Most readers will probably appreciate that a large P value associated with 80% statistical power is poor evidence for lack of an important effect. Fewer understand that unless a small P value is extremely small, it provides poor evidence for the presence of an important effect. Most scientific studies have much less than 80% power, often around 50% in psychological research²⁶ and averaging 21% in neuroscience¹⁰. Reporting and interpreting P values under such circumstances is of little or no benefit. Such limited statistical power might seem surprising, but it makes sense when considering that a medium effect size of 0.5 and sample sizes of 30 for each of two conditions provide statistical power of 49%. Weak statistical power results from small sample sizes—which are strongly encouraged in animal studies for ethical reasons but increase variability in the data sample—or from basing studies on previous works that report inflated effect sizes.

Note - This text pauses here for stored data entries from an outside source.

theorem lemma3:
  fixes n :: nat and x :: "nat \<Rightarrow> real^'p" and f y eps :: "nat \<Rightarrow> real"
    and \<sigma> K lam c :: real and b0 bh :: "real^'p"
  assumes n_pos: "n \<ge> 1" and sigma_pos: "\<sigma> > 0"
    and model: "\<forall>i<n. y i = f i + eps i"
    and const: "\<exists>j0. \<forall>i<n. x i $ j0 = 1"
    and normalized: "\<forall>j. En n (\<lambda>i. (x i $ j)\<^sup>2) = 1"
    and orac: "oracsol n x f \<sigma> b0"
    and T_ne: "supp b0 \<noteq> {}"
    and cs_bound: "sqrt (En n (\<lambda>i. (f i - x i \<bullet> b0)\<^sup>2)) \<le> K * \<sigma> * sqrt (real (l0 b0) / real n)"
    and lam_pos: "lam > 0"
    and lasso: "lasso_sol n x y lam bh"
    and c_gt: "c > 1"
  defines "T \<equiv> supp b0"
    and "s \<equiv> real (card (supp b0))"
    and "Th \<equiv> supp bh"
    and "cs \<equiv> sqrt (En n (\<lambda>i. (f i - x i \<bullet> b0)\<^sup>2))"
    and "S \<equiv> (\<chi> j. 2 * En n (\<lambda>i. x i $ j * eps i))"
    and "\<zeta> \<equiv> Max (range (\<lambda>j. \<bar>bh $ j - b0 $ j\<bar>))"
    and "mh \<equiv> card (supp bh - supp b0)"
    and "cb \<equiv> (c + 1) / (c - 1)"
  shows
    "(\<forall>t. t \<ge> \<zeta> \<and> Min ((\<lambda>j. \<bar>b0 $ j\<bar>) ` T) > \<zeta> + t
          \<longrightarrow> T \<subseteq> Th \<and> T = {j. \<bar>bh $ j\<bar> > t})
     \<and> (lam \<ge> c * real n * linf S \<and> RE n x T cb > 0 \<and> SE n x T mh > 0
          \<longrightarrow> \<zeta> \<le> (1 + 1 / c) * lam * sqrt s / (real n * RE n x T cb * SE n x T mh)
                    + 2 * cs / SE n x T mh)
     \<and> (\<forall>U. lam \<ge> c * real n * linf S \<and> U > 5 * cb
          \<and> (\<forall>j k. j \<noteq> k \<longrightarrow> \<bar>En n (\<lambda>i. x i $ j * x i $ k)\<bar> \<le> 1 / (U * s))
          \<longrightarrow> \<zeta> \<le> lam / real n * ((U + cb) / (U - 5 * cb))
                    + min (\<sigma> / sqrt (real n)) cs
                    + 6 * cb / (U - 5 * cb) * (cs / sqrt s)
                    + 4 * cb / U * (real n / lam) * (cs\<^sup>2 / s))"
proof -
  have err: "\<bar>bh $ j - b0 $ j\<bar> \<le> \<zeta>" for j
    unfolding \<zeta>_def by (rule Max_ge) auto
  have \<zeta>_le: "\<zeta> \<le> B" if "\<And>j. \<bar>bh $ j - b0 $ j\<bar> \<le> B" for B
    unfolding \<zeta>_def using that by (auto intro: Max.boundedI)
  have "T \<subseteq> Th \<and> T = {j. \<bar>bh $ j\<bar> > t}"
    if "t \<ge> \<zeta>" and "Min ((\<lambda>j. \<bar>b0 $ j\<bar>) ` T) > \<zeta> + t" for t
    using supp_eq_threshold[OF err that[unfolded T_def]] by (simp add: T_def Th_def)
  moreover have "\<zeta> \<le> (1 + 1 / c) * lam * sqrt s / (real n * RE n x T cb * SE n x T mh) + 2 * cs / SE n x T mh"
    if "lam \<ge> c * real n * linf S" and "RE n x T cb > 0" and "SE n x T mh > 0"
    unfolding T_def s_def cs_def mh_def cb_def
    by (rule \<zeta>_le, rule lasso_coordinate_error_RE_SE[OF lasso model n_pos c_gt lam_pos])
      (use that in \<open>simp_all add: T_def s_def cs_def S_def mh_def cb_def\<close>)
  moreover have "\<zeta> \<le> lam / real n * ((U + cb) / (U - 5 * cb)) + min (\<sigma> / sqrt (real n)) cs
                   + 6 * cb / (U - 5 * cb) * (cs / sqrt s) + 4 * cb / U * (real n / lam) * (cs\<^sup>2 / s)"
    if "lam \<ge> c * real n * linf S" and "U > 5 * cb"
      and "\<forall>j k. j \<noteq> k \<longrightarrow> \<bar>En n (\<lambda>i. x i $ j * x i $ k)\<bar> \<le> 1 / (U * s)" for U
    unfolding s_def cs_def cb_def
    by (rule \<zeta>_le, rule lasso_coordinate_error_coherence[OF lasso model orac less_imp_le[OF sigma_pos]
        n_pos c_gt lam_pos _ normalized T_ne])
      (use that in \<open>simp_all add: s_def cs_def S_def cb_def\<close>)
  ultimately show ?thesis by (intro conjI allI impI) auto
qed

end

An additional problem with P : exaggerated effect sizes

Simulations of repeated t-tests also illustrate the tendency of small samples to exaggerate effects. This can be shown by adding an additional dimension to the presentation of the data. It is clear how small samples are less likely to be sufficiently representative of the two tested populations to genuinely reflect the small but real difference between them. Those samples that are less representative may, by chance, result in a low P value (Fig. 4). When a test has low power, a low P value will occur only when the sample drawn is relatively extreme. Drawing such a sample is unlikely, and such extreme values give an exaggerated impression of the difference between the original populations (Fig. 5). This phenomenon, known as the 'winner's curse', has been emphasized by others¹⁰. If statistical power is augmented by taking more observations, the estimate of the difference between the populations becomes closer to, and centered on, the theoretical value of the effect size (Fig. 5).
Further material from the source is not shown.